We use the feedback protocol of SCP training that has been incorporated in many NF studies (Strehl et al., 2006; Heinrich et al., 2007; Gevensleben et al., 2009a,b, 2010; Arns et al., 2014). The children’s task is to generate negative and positive SCPs by getting into an attentive (negativity trials) or a relaxed state (positivity trials). The aim of the training is to steer a moving object (i.e., an airplane, a fish, a spaceship) that appears on the screen in front of them in the requested direction (arrow upwards indicates negativity trial; arrow downwards indicates positivity trial). The children can choose a training object at the beginning of each therapy session. In the transfer trials, the children do not see the object, but only the direction of the arrow. The children are instructed to sit as still as possible during the training, to avoid laughing and talking, but to concentrate on the screen in front of her/him. No specific instruction is given to the children on how to succeed in negativity or positivity trials, but just to be attentive to feedback and to find the most effective mental strategy to steer the object into the requested direction. As there is no unique strategy for NF training, the children are given examples that have been successful for some children (i.e., negativity trials: “Think of something you find exciting like sitting in a race car or standing on a diving board”; positivity trials: “Those strategies are used in situations requiring relaxation. Think of something you find calming and pacifying like listening to soothing music”). After a successful trial a sun appears on the screen (reinforcement). Additionally, a token plan is used that enables the children to earn up to 5 tokens per session if they stay attentive during the whole session. A full token plan of 15 tokens (every third session) can be exchanged into small rewards by parents that are agreed upon at the beginning of the training together with the parents and the child.

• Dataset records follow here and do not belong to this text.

text \<open>The positive and negative parts of \<open>\<delta>\<close> are nonnegative invariant vectors of equal
  mass, and at every state one of them vanishes; so one vanishes identically, hence both.\<close>
lemma invariant_zero_mass:
  assumes irr: "mc_irreducible P" and stoch: "stochastic P" and inv: "invariant P \<delta>"
    and mass: "(\<Sum>i\<in>UNIV. \<delta> i) = 0"
  shows "\<delta> = (\<lambda>_. 0)"
proof -
  define pos where "pos i = (\<bar>\<delta> i\<bar> + \<delta> i) / 2" for i
  define neg where "neg i = (\<bar>\<delta> i\<bar> - \<delta> i) / 2" for i
  have "invariant P (\<lambda>i. \<bar>\<delta> i\<bar>)" by (rule invariant_abs[OF stoch inv])
  then have pos_inv: "invariant P pos" and neg_inv: "invariant P neg"
    using inv by (auto simp: invariant_def pos_def neg_def sum_divide_distrib[symmetric]
        distrib_right left_diff_distrib sum.distrib sum_subtractf)
  have nonneg: "\<And>i. 0 \<le> pos i" "\<And>i. 0 \<le> neg i" by (simp_all add: pos_def neg_def)
  have same_mass: "(\<Sum>i\<in>UNIV. pos i) = (\<Sum>i\<in>UNIV. neg i)"
    using mass by (simp add: pos_def neg_def sum_divide_distrib[symmetric] sum.distrib sum_subtractf)
  have "pos j = 0 \<or> neg j = 0" for j by (simp add: pos_def neg_def abs_if)
  then have "(\<forall>i. pos i = 0) \<or> (\<forall>i. neg i = 0)"
    using invariant_nonneg_vanishing[OF irr stoch pos_inv nonneg(1)]
      invariant_nonneg_vanishing[OF irr stoch neg_inv nonneg(2)] by blast
  then have "(\<Sum>i\<in>UNIV. pos i) = 0 \<and> (\<Sum>i\<in>UNIV. neg i) = 0"
    using same_mass by auto
  then have "\<forall>i. pos i = 0 \<and> neg i = 0"
    using nonneg by (simp add: sum_nonneg_eq_0_iff)
  moreover have "\<delta> i = pos i - neg i" for i by (simp add: pos_def neg_def field_simps)
  ultimately show ?thesis by auto
qed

Participants in the NF condition receive a total of 30 sessions of SCP training. Each therapy session consists of three runs. One run consists of 40 trials (8 min) resulting in a total of 24 min NF training per session (see Figure 2 for details). A trial lasts for 8 s (2 s baseline period, 6 s feedback period). Inter-trial interval is set to 5 ± 1 s. Between each of the three runs there is a short break of several minutes which can be used by the therapist to motivate and praise the child and to talk about problems and use of strategies (i.e., “What was your strategy for negativity/positivity trials?”, “How did it work?”, “What else could you try as a negativity/positivity trial strategy?”). The last 10 min of each session are reserved for joint play which is an important aspect of motivating the child and strengthening the therapeutic relationship. Feedback is calculated from the vertex (Cz) and is referenced against both mastoids (bandwidth 0.01–30 Hz, sampling rate: 256 Hz), and vertical as well as horizontal eye movements are corrected online with electrodes placed above and below the left eye, and electrodes on the right and left side of the face (4 electrooculography channels, EGO; for details of the protocol see Strehl, 2009). Ocular artifact removal is possible with DC-EEG as described in Schlegelmilch et al. (2004). The ratio of negativity to positivity is set to 1:1, and negativity/positivity trials are presented in random order. All sessions start with no threshold, but if the child has a hit rate (correct responses) of ≥70%, thresholds are introduced automatically. Those start with an initial 5% threshold, and are followed in steps of 5% if the child continuous to score ≥70%.
The first two runs in every therapy session include no transfer trials, i.e., the child gets continuous visual feedback, whereas the third run is set to 100% transfer (for this rationale see also Vollebregt et al. in this Frontiers Research Topic). Although no continuous feedback is given on transfer trials, a sun appears at the end of the trials to provide information about success (reinforcement). Transfer trials are thought to support generalization to everyday life situations (Strehl et al., 2011). Additionally, starting with the second therapy block (12th session) children are asked to practice their mental strategies in specific situations at home or school for about 10 min each day. Together with the therapist children identify situations that require attention control (i.e., negativity strategies: before starting to do homework; positivity strategies: at night before going to bed). The children are asked to document practicing by keeping a log which is controlled by the therapist at the beginning of a session (see also Vollebregt et al. in this Frontiers Research Topic). If the child practices each day between sessions he/she can earn an extra token.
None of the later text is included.